Os emigrantes a votar num partido anti-emigração. A política do medo, do ódio, do “ajuste de contas” com a história dispensa a concórdia, a razão, a justiça.

#001633 – 24 de Fevereiro de 2024

O documentário sobre o Herzog começa com a frase, usada com pertinente sentido de humor e lucidez, “based on a true story”.

#001632 – 23 de Fevereiro de 2024

Volto a traduzir, diariamente. Recomeçar recomeços, interromper interrupções, é talvez o meu único talento consistente e fidedigno.

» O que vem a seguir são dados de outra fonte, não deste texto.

(* Let $\kappa>0$, $b>0$, $m>7/2$, and let $n\in\mathfrak D\cap H^m(C(\pi))$ with $\|n\|_{H^m}\le C_m$. Then the matrix function $\mathcal Q$ associated with $n$ satisfies $$\|\mathcal Q(x)\|_2\le15(1+\kappa^2)\,b^{-2}(L_mC_m)^2\qquad\text{for all }x\in B(\pi),$$ where $\|\cdot\|_2$ is the spectral norm on $\mathbb C^{6\times6}$.
   Context: $B(r)$ is the open ball of radius $r$ about $0$ in $\mathbb R^3$, $C(\pi)=(-\pi,\pi)^3$. For a fixed $\alpha_0\in(0,1)$, $\mathfrak D:=\{n\in C^{1,\alpha_0}(\mathbb R^3;\mathbb C):\ \mathrm{supp}(1-n)\subset B(\pi),\ \mathrm{Re}(n)\ge b,\ \mathrm{Im}(n)\ge0\}$. For $f$ on $C(\pi)$, $\hat f(\gamma)=(2\pi)^{-3/2}\int_{C(\pi)}f(x)e^{-i\gamma\cdot x}dx$ and $\|f\|^2_{H^m}:=\sum_{\gamma\in\mathbb Z^3}(1+|\gamma|^2)^m|\hat f(\gamma)|^2$. $L_m$ is a constant with $L_m\|f\|_{H^m(C(\pi))}\ge\max_{|\alpha|\le2}\sup_{x\in C(\pi)}|\partial^\alpha f(x)|$ for all $f\in H^m(C(\pi))$. The matrix $\mathcal Q(x)\in\mathbb C^{6\times6}$ is $$\mathcal Q=\kappa^2(1-n)1_6+\frac{i\kappa}{\sqrt n}\begin{pmatrix}0_3&-(\nabla n\times)\\(\nabla n\times)&0_3\end{pmatrix}+\begin{pmatrix}-D\big(\frac{\nabla n}{n}\big)+(n^{-1/2}\Delta n^{1/2})1_3&0_3\\0_3&0_3\end{pmatrix},$$ where $1_k,0_k$ are the $k\times k$ identity and zero matrices, $n^{1/2}$ is the principal square root, $D(V)$ is the Jacobian matrix of a vector field $V$, and $(\nabla n\times)$ is the matrix $\begin{pmatrix}0&-\partial_zn&\partial_yn\\\partial_zn&0&-\partial_xn\\-\partial_yn&\partial_xn&0\end{pmatrix}$. *)

theory Defs
  imports "HOL-Analysis.Analysis"
begin

definition cubeC :: "(real^3) set" where
  "cubeC = box (- (\<chi> i. pi)) (\<chi> i. pi)"

definition Z3 :: "(real^3) set" where
  "Z3 = {\<gamma>. \<forall>i. \<gamma> $ i \<in> \<int>}"

definition fcoeff :: "(real^3 \<Rightarrow> complex) \<Rightarrow> real^3 \<Rightarrow> complex" where
  "fcoeff f \<gamma> = complex_of_real ((2*pi) powr (-3/2)) *
     integral cubeC (\<lambda>x. f x * exp (- \<i> * complex_of_real (\<gamma> \<bullet> x)))"

definition Hm_weight :: "real \<Rightarrow> (real^3 \<Rightarrow> complex) \<Rightarrow> real^3 \<Rightarrow> real" where
  "Hm_weight m f \<gamma> = (1 + (norm \<gamma>)\<^sup>2) powr m * (cmod (fcoeff f \<gamma>))\<^sup>2"

definition in_Hm :: "real \<Rightarrow> (real^3 \<Rightarrow> complex) \<Rightarrow> bool" where
  "in_Hm m f \<longleftrightarrow> f measurable_on cubeC \<and>
     (\<lambda>x. (cmod (f x))\<^sup>2) integrable_on cubeC \<and>
     Hm_weight m f summable_on Z3"

definition Hm_norm :: "real \<Rightarrow> (real^3 \<Rightarrow> complex) \<Rightarrow> real" where
  "Hm_norm m f = sqrt (infsum (Hm_weight m f) Z3)"

definition pd :: "3 \<Rightarrow> (real^3 \<Rightarrow> complex) \<Rightarrow> real^3 \<Rightarrow> complex" where
  "pd i f x = vector_derivative (\<lambda>t. f (x + t *\<^sub>R axis i 1)) (at 0)"

definition C1_fun :: "(real^3 \<Rightarrow> complex) \<Rightarrow> bool" where
  "C1_fun f \<longleftrightarrow> (\<forall>i x. (\<lambda>t. f (x + t *\<^sub>R axis i 1)) differentiable (at 0)) \<and>
     continuous_on UNIV f \<and> (\<forall>i. continuous_on UNIV (pd i f))"

definition C1alpha :: "real \<Rightarrow> (real^3 \<Rightarrow> complex) \<Rightarrow> bool" where
  "C1alpha \<alpha> f \<longleftrightarrow> C1_fun f \<and> bounded (range f) \<and> (\<forall>i. bounded (range (pd i f))) \<and>
     (\<exists>M. \<forall>i x y. cmod (pd i f x - pd i f y) \<le> M * (dist x y) powr \<alpha>)"

definition C2_fun :: "(real^3 \<Rightarrow> complex) \<Rightarrow> bool" where
  "C2_fun f \<longleftrightarrow> C1_fun f \<and> (\<forall>j. C1_fun (pd j f))"

definition admissible :: "real \<Rightarrow> real \<Rightarrow> (real^3 \<Rightarrow> complex) \<Rightarrow> bool" where
  "admissible \<alpha>0 b n \<longleftrightarrow> C1alpha \<alpha>0 n \<and> closure {x. n x \<noteq> 1} \<subseteq> ball 0 pi \<and>
     (\<forall>x. Re (n x) \<ge> b \<and> Im (n x) \<ge> 0)"

definition sobolev_const :: "real \<Rightarrow> real \<Rightarrow> bool" where
  "sobolev_const m L \<longleftrightarrow> (\<forall>f. in_Hm m f \<and> C2_fun f \<longrightarrow>
     (\<forall>x\<in>cubeC. cmod (f x) \<le> L * Hm_norm m f \<and>
        (\<forall>i. cmod (pd i f x) \<le> L * Hm_norm m f) \<and>
        (\<forall>i j. cmod (pd i (pd j f) x) \<le> L * Hm_norm m f)))"

definition grad :: "(real^3 \<Rightarrow> complex) \<Rightarrow> real^3 \<Rightarrow> complex^3" where
  "grad f x = (\<chi> i. pd i f x)"

definition jac :: "(real^3 \<Rightarrow> complex^3) \<Rightarrow> real^3 \<Rightarrow> complex^3^3" where
  "jac V x = (\<chi> k l. pd l (\<lambda>y. V y $ k) x)"

definition crossmat :: "complex^3 \<Rightarrow> complex^3^3" where
  "crossmat w = (\<chi> k l.
     if k = 1 \<and> l = 2 then - w$3 else if k = 1 \<and> l = 3 then w$2 else
     if k = 2 \<and> l = 1 then w$3 else if k = 2 \<and> l = 3 then - w$1 else
     if k = 3 \<and> l = 1 then - w$2 else if k = 3 \<and> l = 2 then w$1 else 0)"
(* Let $V$ be a real vector space of dimension $m\ge3$ with a positive definite inner product $\langle\cdot,\cdot\rangle$, and let $R$ be an algebraic curvature tensor on $V$ with Jacobi operator $J$. \begin{enumerate} \item If $J(x)J(y)=J(y)J(x)$ for all $x,y\in V$, then $R=0$. \item $R_0$ is Jacobi-Tsankov, and for every Hermitian almost complex structure $\Theta$ on $V$, $R_\Theta$ is Jacobi-Tsankov. \item If $R$ is Jacobi-Tsankov, then either $R=cR_0$ for some $c\in\mathbb{R}$, or $R=cR_\Theta$ for some $c\in\mathbb{R}$ and some Hermitian almost complex structure $\Theta$ on $V$. \end{enumerate}
   Context: An algebraic curvature tensor is $R\in\otimes^4V^*$ satisfying $R(x,y,z,w)=R(z,w,x,y)=-R(y,x,z,w)$ and $R(x,y,z,w)+R(y,z,x,w)+R(z,x,y,w)=0$. The curvature operator $\mathcal{R}(x,y)$ is the endomorphism of $V$ with $\langle\mathcal{R}(x,y)z,w\rangle=R(x,y,z,w)$; the Jacobi operator is $J(x):y\mapsto\mathcal{R}(y,x)x$. $R$ is called Jacobi-Tsankov if $x\perp y$ implies $J(x)J(y)=J(y)J(x)$. $R_0$ is the tensor with curvature operator $R_0(x,y)z=\langle y,z\rangle x-\langle x,z\rangle y$. A Hermitian almost complex structure is a linear $\Theta:V\to V$ with $\Theta^2=-\mathrm{id}$ and $\Theta^*=-\Theta$; for such $\Theta$, $R_\Theta$ is the tensor with curvature operator $R_\Theta(x,y)z=\langle\Theta y,z\rangle\Theta x-\langle\Theta x,z\rangle\Theta y-2\langle\Theta x,y\rangle\Theta z$. *)

theory Defs
  imports "HOL-Analysis.Analysis"
begin

text \<open>V is modelled by a Euclidean space type 'a (finite-dimensional real inner product
space); a 4-tensor is a function 'a => 'a => 'a => 'a => real that is linear in each slot.\<close>

definition alg_curv_tensor :: "('a::euclidean_space \<Rightarrow> 'a \<Rightarrow> 'a \<Rightarrow> 'a \<Rightarrow> real) \<Rightarrow> bool" where
  "alg_curv_tensor R \<longleftrightarrow>
     (\<forall>y z w. linear (\<lambda>x. R x y z w)) \<and>
     (\<forall>x z w. linear (\<lambda>y. R x y z w)) \<and>
     (\<forall>x y w. linear (\<lambda>z. R x y z w)) \<and>
     (\<forall>x y z. linear (\<lambda>w. R x y z w)) \<and>
     (\<forall>x y z w. R x y z w = R z w x y) \<and>
     (\<forall>x y z w. R x y z w = - R y x z w) \<and>
     (\<forall>x y z w. R x y z w + R y z x w + R z x y w = 0)"

text \<open>Curvature operator: the unique vector with inner product R(x,y,z,w) against every w.\<close>
definition curv_op :: "('a::euclidean_space \<Rightarrow> 'a \<Rightarrow> 'a \<Rightarrow> 'a \<Rightarrow> real) \<Rightarrow> 'a \<Rightarrow> 'a \<Rightarrow> 'a \<Rightarrow> 'a" where
  "curv_op R x y z = (\<Sum>b\<in>Basis. R x y z b *\<^sub>R b)"

definition jacobi_op :: "('a::euclidean_space \<Rightarrow> 'a \<Rightarrow> 'a \<Rightarrow> 'a \<Rightarrow> real) \<Rightarrow> 'a \<Rightarrow> 'a \<Rightarrow> 'a" where
  "jacobi_op R x = (\<lambda>y. curv_op R y x x)"

definition jacobi_tsankov :: "('a::euclidean_space \<Rightarrow> 'a \<Rightarrow> 'a \<Rightarrow> 'a \<Rightarrow> real) \<Rightarrow> bool" where
  "jacobi_tsankov R \<longleftrightarrow>
     (\<forall>x y. inner x y = 0 \<longrightarrow> jacobi_op R x \<circ> jacobi_op R y = jacobi_op R y \<circ> jacobi_op R x)"

definition hermitian_acs :: "('a::euclidean_space \<Rightarrow> 'a) \<Rightarrow> bool" where
  "hermitian_acs \<Theta> \<longleftrightarrow> linear \<Theta> \<and> (\<forall>x. \<Theta> (\<Theta> x) = - x) \<and>
     (\<forall>x y. inner (\<Theta> x) y = - inner x (\<Theta> y))"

#001631 – 22 de Fevereiro de 2024

Os meus pais fizeram 50 de casados. Foi bom celebrar com a família, juntar gerações à volta da mesa.

#001630 – 21 de Fevereiro de 2024

Do lado de fora da janela os pássaros do costume assinalam-me a insónia. Quando ouço este canto, em todo o caso bastante agradável, sei que é muito tarde. Têm o ritmo de uma conversa, frases melódicas e um silêncio seguido de resposta. Leio o livro do Manuel Abrantes. É um primeiro romance excepcional.

#001629 – 20 de Fevereiro de 2024

Greve dos jornalistas, finalmente. Nos mais de vinte anos desde que terminei o curso de jornalismo não houve uma única greve do sector em Portugal. De facto, não havia greve de jornalistas há cerca de 40 anos. Numa profissão com condições tão precárias, já vem tarde. Com a ascensão dos spin dictators, o ataque a whistleblowers e figuras como Assange e a jornalistas como Jamal Khashoggi, nunca foi tão importante como agora haver jornalismo independente e redações com alguma resiliência em relação às pressões económicas e políticas. Têm a minha solidariedade. Não podemos ficar entregues ao fake e ao spin e os jornalistas têm de ser devidamente recompensados e a sua actividade dignificada.

#001628 – 19 de Fevereiro de 2024

Mais intrigante do que a origem das palavras é a história de como muda o seu significado. Ao traduzir um trecho, vou procurar sinónimos de deferência, palavra precisa mas feia. Deparo-me com condescendência e apercebo-me que significa também, segundo Priberam, “Flexibilidade de carácter que se acomoda ao gosto e vontade doutros”. Condescender, imagino, será o que um servo, um criado, um subalterno faria em relação aos desejos e ordens de um superior. Talvez a filigrana do discurso, necessária para acudir ao engolir de sapos e à adequação a caprichos irrazoáveis, tenha criado um tom que ainda hoje reconhecemos como sarcástico. Algo semelhante aconteceu com a expressão LOL, ocorre-me. LOL, inicialmente abreviação de “laughing out loud” era usado para expressar riso por escrito. O que significa que poderíamos escrevê-lo sem rir. Dito, como agora, de viva voz, sem riso, é imediatamente sarcástico. Ou, mais precisamente, condescendente.

#001627 – 18 de Fevereiro de 2024

Estou 25 dias atrasados em relação à realidade do calendário. Datar é confundir. É talvez o facto mais revelador em todo este diário online.